_WHAT IS REQUIRED_:
Your answer must be the line holding "else (let S" followed by every later line through the end of the entries, exactly as written.
Start of Block
(* Let $n\ge1$ and $\pi\in\mathfrak B_n$ (with either sign of $\pi_1$). Then \[\sum_{T_\sigma\in\mathrm{Orb}^*(T_\pi)}x^{\mathrm{run}_B(\sigma)}=x^{\mathrm{leaf}(T_\pi)}(1+x)^{\,n-\mathrm{leaf}(T_\pi)}.\]
   Context: $\mathfrak B_n$ is the set of signed permutations $\pi=\pi_1\cdots\pi_n$ (words over $\{\pm1,\dots,\pm n\}$ with $|\pi_1|,\dots,|\pi_n|$ a permutation of $[n]$), compared as integers; set $\pi_0=0$. $\mathrm{run}_B(\pi)$ is $1$ plus the number of $i\in\{1,\dots,n-1\}$ with $\pi_{i-1}<\pi_i>\pi_{i+1}$ or $\pi_{i-1}>\pi_i<\pi_{i+1}$. Trees are rooted binary trees with each child designated left or right. A min–max tree is labeled bijectively by a totally ordered set so that each node's label is the minimum or maximum of its subtree's labels. A node with a child is inner; an inner node is a min-node (resp. max-node) if its label is the minimum (resp. maximum) of its subtree. An HR-tree is a min–max tree in which every inner node $s$ has a nonempty right subtree containing the maximum label of the subtree of $s$ if $s$ is a min-node, the minimum if $s$ is a max-node. The reading word is the in-order reading $w(T)=w(L)\,\ell_{\mathrm{root}}\,w(R)$. $\mathcal{BHR}_n$ is the set of HR-trees with label set $\{0,s_1,\dots,s_n\}$, $s_i\in\{i,-i\}$, with $0$ the first letter of $w(T)$; $T\mapsto w(T)=0\pi_1\cdots\pi_n$ is a bijection $\mathcal{BHR}_n\to\mathfrak B_n$ and $T_\pi$ is the tree with $w(T_\pi)=0\pi$. $\mathrm{leaf}(T)$ is the number of leaves of $T$ (the node $0$ included if it is a leaf). Modified HR-action: for $i\in[n]$ and $T_\pi\in\mathcal{BHR}_n$, let $v$ be the node labeled $\pi_i$. If $v$ is a leaf, or if the node labeled $0$ is a leaf whose parent is $v$, then $\widehat\psi_i(T_\pi)=T_\pi$. Otherwise let $R$ consist of $\pi_i$ and the labels of the right subtree of $v$; relabel $v$ and its right subtree, keeping the shape, so that $v$ receives $\max R$ if $v$ is a min-node and $\min R$ if $v$ is a max-node, the right subtree nodes receiving the remaining elements of $R$ by the order-preserving bijection from their old labels; other labels unchanged. The $\widehat\psi_i$ are commuting involutions and $\mathrm{Orb}^*(T)$ is the set of trees obtained from $T$ by compositions of the $\widehat\psi_i$, $i\in[n]$. *)

theory Defs
  imports "HOL-Library.Tree" "HOL-Computational_Algebra.Polynomial"
begin

definition signed_perms :: "nat \<Rightarrow> int list set" where
  "signed_perms n = {p. length p = n \<and> distinct (map (\<lambda>x. nat \<bar>x\<bar>) p)
                        \<and> set (map (\<lambda>x. nat \<bar>x\<bar>) p) = {1..n}}"

definition runB :: "int list \<Rightarrow> nat" where
  "runB p = (let w = 0 # p; n = length p in
     1 + card {i. 1 \<le> i \<and> i \<le> n - 1 \<and>
        ((w!(i-1) < w!i \<and> w!i > w!(i+1)) \<or> (w!(i-1) > w!i \<and> w!i < w!(i+1)))})"

text \<open>Trees: rooted binary trees with left/right children; Leaf is the empty tree,
  a node Node l a r is a leaf iff l and r are both empty.\<close>
definition is_leaf_node :: "'a tree \<Rightarrow> bool" where
  "is_leaf_node t = (\<exists>a. t = Node Leaf a Leaf)"

fun leaf_count :: "'a tree \<Rightarrow> nat" where
  "leaf_count Leaf = 0"
| "leaf_count (Node l a r) =
     (if l = Leaf \<and> r = Leaf then 1 else leaf_count l + leaf_count r)"

fun hr_cond :: "int tree \<Rightarrow> bool" where
  "hr_cond Leaf = True"
| "hr_cond (Node l a r) =
     (let S = set_tree (Node l a r) in
       hr_cond l \<and> hr_cond r \<and> (a = Min S \<or> a = Max S) \<and>
       (\<not> (l = Leaf \<and> r = Leaf) \<longrightarrow>
          r \<noteq> Leaf \<and> (a = Min S \<longrightarrow> Max S \<in> set_tree r)
                 \<and> (a = Max S \<longrightarrow> Min S \<in> set_tree r)))"

definition is_HR :: "int tree \<Rightarrow> bool" where
  "is_HR t = (distinct (inorder t) \<and> hr_cond t)"

definition BHR :: "nat \<Rightarrow> int tree set" where
  "BHR n = {t. is_HR t \<and> (\<exists>p\<in>signed_perms n. inorder t = 0 # p)}"

definition T_of :: "int list \<Rightarrow> int tree" where
  "T_of p = (THE t. is_HR t \<and> inorder t = 0 # p)"

text \<open>Order-preserving bijection from finite A onto finite B (same size).\<close>
definition op_bij :: "int set \<Rightarrow> int set \<Rightarrow> int \<Rightarrow> int" where
  "op_bij A B x = sorted_list_of_set B ! card {y\<in>A. y < x}"

fun relabel_node :: "int tree \<Rightarrow> int tree" where
  "relabel_node Leaf = Leaf"
| "relabel_node (Node l a r) =
     (if l = Leaf \<and> r = Leaf then Node l a r
      else if l = Node Leaf 0 Leaf \<or> r = Node Leaf 0 Leaf then Node l a r
      else (let S = set_tree (Node l a r); R = insert a (set_tree r) in
        if a = Min S then
          Node l (Max R) (map_tree (op_bij (set_tree r) (R - {Max R})) r)
        else if a = Max S then
          Node l (Min R) (map_tree (op_bij (set_tree r) (R - {Min R})) r)
        else Node l a r))"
End of Block
_ANSWER TO THE EXERCISE_:
      else (let S = set_tree (Node l a r); R = insert a (set_tree r) in
        if a = Min S then
          Node l (Max R) (map_tree (op_bij (set_tree r) (R - {Max R})) r)
        else if a = Max S then
          Node l (Min R) (map_tree (op_bij (set_tree r) (R - {Min R})) r)
        else Node l a r))"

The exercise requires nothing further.